Introduction: The case, titled “Naresh Shridhar Mirajkar and Ors. vs. State of Maharashtra and Anr.”, was adjudicated on 03/03/1966. The bench was composed of P.B. Gajendragadkar, A.K. Sarkar, K.N. Wanchoo, M. Hidayatullah, J.C. Shah, J.R. Mudholkar, S.M. Sikri, R.S. Bachawat, and V. Ramaswami.
Facts of the Case: In this case, a defamation lawsuit was filed against the editor of a weekly newspaper on the original side of the High Court. During the trial, one of the witnesses requested that the court prohibit the publication of his evidence in the press, as his business would be affected. Following this, the trial judge passed an oral order prohibiting the publication of the witness’s evidence. A reporter from the weekly, along with other journalists, filed a petition under Article 32 challenging the order’s validity.
Issues: The issues that arose in this case were:
1. Whether the High Court had the inherent power to pass the order.
2. Whether the impugned order violated the fundamental rights of the petitioners under Article 19(1)(a).
3. Whether the order was amenable to the writ jurisdiction of the Supreme Court under Article 32.

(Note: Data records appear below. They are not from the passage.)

lemma Sigma_dense_sequence_meets_box:
  fixes J :: "'j set" and T :: "'j \<Rightarrow> 'a::real_vector topology" and G :: "nat \<Rightarrow> ('j \<Rightarrow> 'a) set"
  assumes metric: "\<And>j. j \<in> J \<Longrightarrow> Metric_space (M j) (d j) \<and> T j = Metric_space.mtopology (M j) (d j)"
    and complete: "\<And>j. j \<in> J \<Longrightarrow> Metric_space.mcomplete (M j) (d j)"
    and zero_in: "\<And>j. j \<in> J \<Longrightarrow> 0 \<in> topspace (T j)"
    and dense: "\<And>n. openin (Sigma_topology J T) (G n)"
      "\<And>n. Sigma_topology J T closure_of G n = topspace (Sigma_topology J T)"
    and "open_box J T U\<^sub>0" "p\<^sub>0 \<in> Sigma_product J (\<lambda>j. topspace (T j)) \<inter> Pi\<^sub>E J U\<^sub>0"
  shows "\<exists>y\<in>Sigma_product J (\<lambda>j. topspace (T j)) \<inter> Pi\<^sub>E J U\<^sub>0. \<forall>n. y \<in> G n"
proof -
  define S where "S = Sigma_product J (\<lambda>j. topspace (T j))"
  \<comment> \<open>A state is a point together with a basic box around it; stage \<open>n\<close> moves into \<open>G n\<close>
    and makes the box \<open>1/(n+1)\<close>-small at the coordinates scheduled by the bookkeeping.\<close>
  define Inv where "Inv pU \<longleftrightarrow> fst pU \<in> S \<inter> Pi\<^sub>E J (snd pU) \<and> open_box J T (snd pU)"
    for pU :: "('j \<Rightarrow> 'a) \<times> ('j \<Rightarrow> 'a set)"
  define step where "step n F pU pU' \<longleftrightarrow> S \<inter> Pi\<^sub>E J (snd pU') \<subseteq> G n
      \<and> (\<forall>i\<in>J. T i closure_of snd pU' i \<subseteq> snd pU i)
      \<and> (\<forall>i\<in>F \<inter> J. \<forall>a\<in>snd pU' i. \<forall>b\<in>snd pU' i. d i a b < inverse (real (Suc n)))"
    for n F and pU pU' :: "('j \<Rightarrow> 'a) \<times> ('j \<Rightarrow> 'a set)"
  have step_exists: "\<exists>pU'. Inv pU' \<and> step n F pU pU'" if "finite F" "Inv pU" for n F pU
  proof -
    have box: "open_box J T (snd pU)" "fst pU \<in> S \<inter> Pi\<^sub>E J (snd pU)"
      using \<open>Inv pU\<close> unfolding Inv_def by simp_all
    have e: "inverse (real (Suc n)) > 0"
      by simp
    obtain p' U' where "open_box J T U'" "p' \<in> S \<inter> Pi\<^sub>E J U'" "S \<inter> Pi\<^sub>E J U' \<subseteq> G n"
      "\<forall>i\<in>J. T i closure_of U' i \<subseteq> snd pU i"
      "\<forall>i\<in>F \<inter> J. \<forall>a\<in>U' i. \<forall>b\<in>U' i. d i a b < inverse (real (Suc n))"
      using Sigma_box_refine[where J=J and T=T and M=M and d=d and G="G n" and e="inverse (real (Suc n))",
          OF metric dense[of n] box[unfolded S_def] \<open>finite F\<close> e]
      unfolding S_def by blast
    then have "Inv (p', U') \<and> step n F pU (p', U')"
      unfolding Inv_def step_def by simp
    then show ?thesis
      by blast
  qed
  have countable_support: "countable {i \<in> J. fst pU i \<noteq> 0}" if "Inv pU" for pU
    using that unfolding Inv_def S_def Sigma_product_def by auto
  have "Inv (p\<^sub>0, U\<^sub>0)"
    using assms(6,7) unfolding Inv_def S_def by auto
  from diagonal_bookkeeping[where P=Inv and supp="\<lambda>pU. {i \<in> J. fst pU i \<noteq> 0}" and R=step,
      OF this countable_support step_exists]
  obtain pU F where "pU 0 = (p\<^sub>0, U\<^sub>0)"
    and pU: "\<forall>n. Inv (pU n) \<and> finite (F n) \<and> step n (F n) (pU n) (pU (Suc n))"
    and F: "\<forall>l. \<forall>i\<in>{i \<in> J. fst (pU l) i \<noteq> 0}. \<forall>\<^sub>F n in sequentially. i \<in> F n"
    by blast
  define p where "p n = fst (pU n)" for n
  define U where "U n = snd (pU n)" for n
  have small: "\<forall>\<^sub>F n in sequentially. \<forall>a\<in>U (Suc n) i. \<forall>b\<in>U (Suc n) i. d i a b < inverse (real (Suc n))"
    if "i \<in> J" and nonzero: "\<exists>m. p m i \<noteq> 0" for i
  proof -
    obtain m where "p m i \<noteq> 0"
      using nonzero by blast
    then have "\<forall>\<^sub>F n in sequentially. i \<in> F n"
      using F[rule_format, where l=m] \<open>i \<in> J\<close> unfolding p_def by simp
    moreover have "\<forall>a\<in>U (Suc n) i. \<forall>b\<in>U (Suc n) i. d i a b < inverse (real (Suc n))" if "i \<in> F n" for n
      using pU \<open>i \<in> J\<close> that unfolding step_def U_def by blast
    ultimately show ?thesis
      by (rule eventually_mono)
  qed
  have open_U: "open_box J T (U n)"
    and p_in: "p n \<in> Sigma_product J (\<lambda>j. topspace (T j)) \<inter> Pi\<^sub>E J (U n)" for n
    using pU unfolding Inv_def p_def U_def S_def by auto
  have nested: "T i closure_of U (Suc n) i \<subseteq> U n i" if "i \<in> J" for n i
    using pU that unfolding step_def U_def by blast
  from Sigma_nested_boxes_meet[where J=J and T=T and M=M and d=d and U=U and p=p,
      OF metric complete zero_in open_U p_in nested small]
  obtain y where "y \<in> S" and y: "\<And>n. y \<in> Pi\<^sub>E J (U n)"
    unfolding S_def by blast
  moreover have "y \<in> G n" for n
    using pU y[of "Suc n"] \<open>y \<in> S\<close> unfolding step_def U_def by blast
  ultimately show ?thesis
    using y[of 0] \<open>pU 0 = (p\<^sub>0, U\<^sub>0)\<close> unfolding S_def U_def by auto
qed
lemma coplanar4_if_relation:
  assumes v: "v1 \<in> ppoint_space x1" "v2 \<in> ppoint_space x2" "v3 \<in> ppoint_space x3"
      "v4 \<in> ppoint_space x4"
    and rel: "c1 *\<^sub>R v1 + c2 *\<^sub>R v2 + c3 *\<^sub>R v3 + c4 *\<^sub>R v4 = 0"
    and nz: "c1 *\<^sub>R v1 \<noteq> 0 \<or> c2 *\<^sub>R v2 \<noteq> 0 \<or> c3 *\<^sub>R v3 \<noteq> 0 \<or> c4 *\<^sub>R v4 \<noteq> 0"
  shows "coplanar4 x1 x2 x3 x4"
  using nz
proof (elim disjE)
  assume "c1 *\<^sub>R v1 \<noteq> 0"
  then show ?thesis by (rule coplanar4_if_relation_first[OF v rel])
next
  assume h: "c2 *\<^sub>R v2 \<noteq> 0"
  have "coplanar4 x2 x1 x3 x4"
    by (rule coplanar4_if_relation_first[OF v(2,1,3,4) _ h, of c1 c3 c4])
      (use rel in \<open>simp add: algebra_simps\<close>)
  then show ?thesis by (simp add: coplanar4_def insert_commute)
next
  assume h: "c3 *\<^sub>R v3 \<noteq> 0"
  have "coplanar4 x3 x1 x2 x4"
    by (rule coplanar4_if_relation_first[OF v(3,1,2,4) _ h, of c1 c2 c4])
      (use rel in \<open>simp add: algebra_simps\<close>)
  then show ?thesis by (simp add: coplanar4_def insert_commute)
next
  assume h: "c4 *\<^sub>R v4 \<noteq> 0"
  have "coplanar4 x4 x1 x2 x3"
    by (rule coplanar4_if_relation_first[OF v(4,1,2,3) _ h, of c1 c2 c3])
      (use rel in \<open>simp add: algebra_simps\<close>)
  then show ?thesis by (simp add: coplanar4_def insert_commute)
qed

lemma coplanar4_if_eq: "x1 = x2 \<or> x1 = x4 \<Longrightarrow> coplanar4 x1 x2 x3 x4"
  by (auto simp: coplanar4_def psp_eq_span_rep insert_commute dim_three_le)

Contention of Both Parties: The petitioner contends that while fundamental rights in India are not absolute, reasonable restrictions can be imposed under Article 19(2) to (6) of the Constitution. The petitioner argues that the power to ban the publication of faithful reports on legislative proceedings is unclear for Indian legislatures and courts. He asserts that the court’s imposed restrictions, allegedly unjustified under Article 19(2), exceed jurisdiction. The petitioner emphasizes the broad scope of Article 32, asserting citizens’ right to move to the Supreme Court against legislative and executive bodies for constitutional remedies when fundamental rights are violated. The respondent justifies the court’s judgment, citing protection of witnesses and parties’ rights under Article
19(2). He argues that the scope of Article 32 is not as wide as the petitioner claims, referencing Article 12’s definition of “The State,” which excludes the judiciary. The respondent contends that protection under Articles 20, 21, and 22 applies only against the legislature and executive, not the judiciary, and Article 32(1) cannot be enforced against individual citizens.
Judgement: The court held that the impugned order was within the inherent power of the High Court. The court justified this decision by stating that the order was passed to prevent the publication of the witness’s evidence during the trial and not after it. The order was deemed necessary for the administration of justice to obtain true evidence in the case.
The court further stated that the High Court has inherent jurisdiction to hold a trial in camera if the ends of justice clearly and necessarily require such a course. Section 151 of the Code of Civil Procedure saves the inherent power of the High Court to make such orders as may be necessary for the ends of justice or to prevent abuse of the process of the court.
However, Justice Hidayatullah dissented, arguing that a court holding a public trial cannot suppress the publication of a witness’s deposition on the witness’s request that his business will suffer. He stated that Section 151 of the Code of Civil Procedure cannot be used to confer a discretion on the court to turn its proceedings, which should be open and public, into a private affair.
Law Used in the Case: The court relied on the Practice and Procedure Act, the Inherent jurisdiction of the High Court, the power to stop the publication of proceedings of a trial, and the order if it violates the fundamental right under Article 19(1)(a). The court also considered whether the order was amenable to proceedings under Article 32 of the Constitution. Conclusion: In conclusion, the court held that the order preventing the publication of the witness’s evidence during the trial was within the inherent power of the High Court. However, the court also acknowledged that the power should be exercised judiciously, and not to suppress the publication of proceedings of a trial, unless there is a strong case for doing so. The court also affirmed the fundamental rights of the petitioners and stated that the order did not contravene these rights.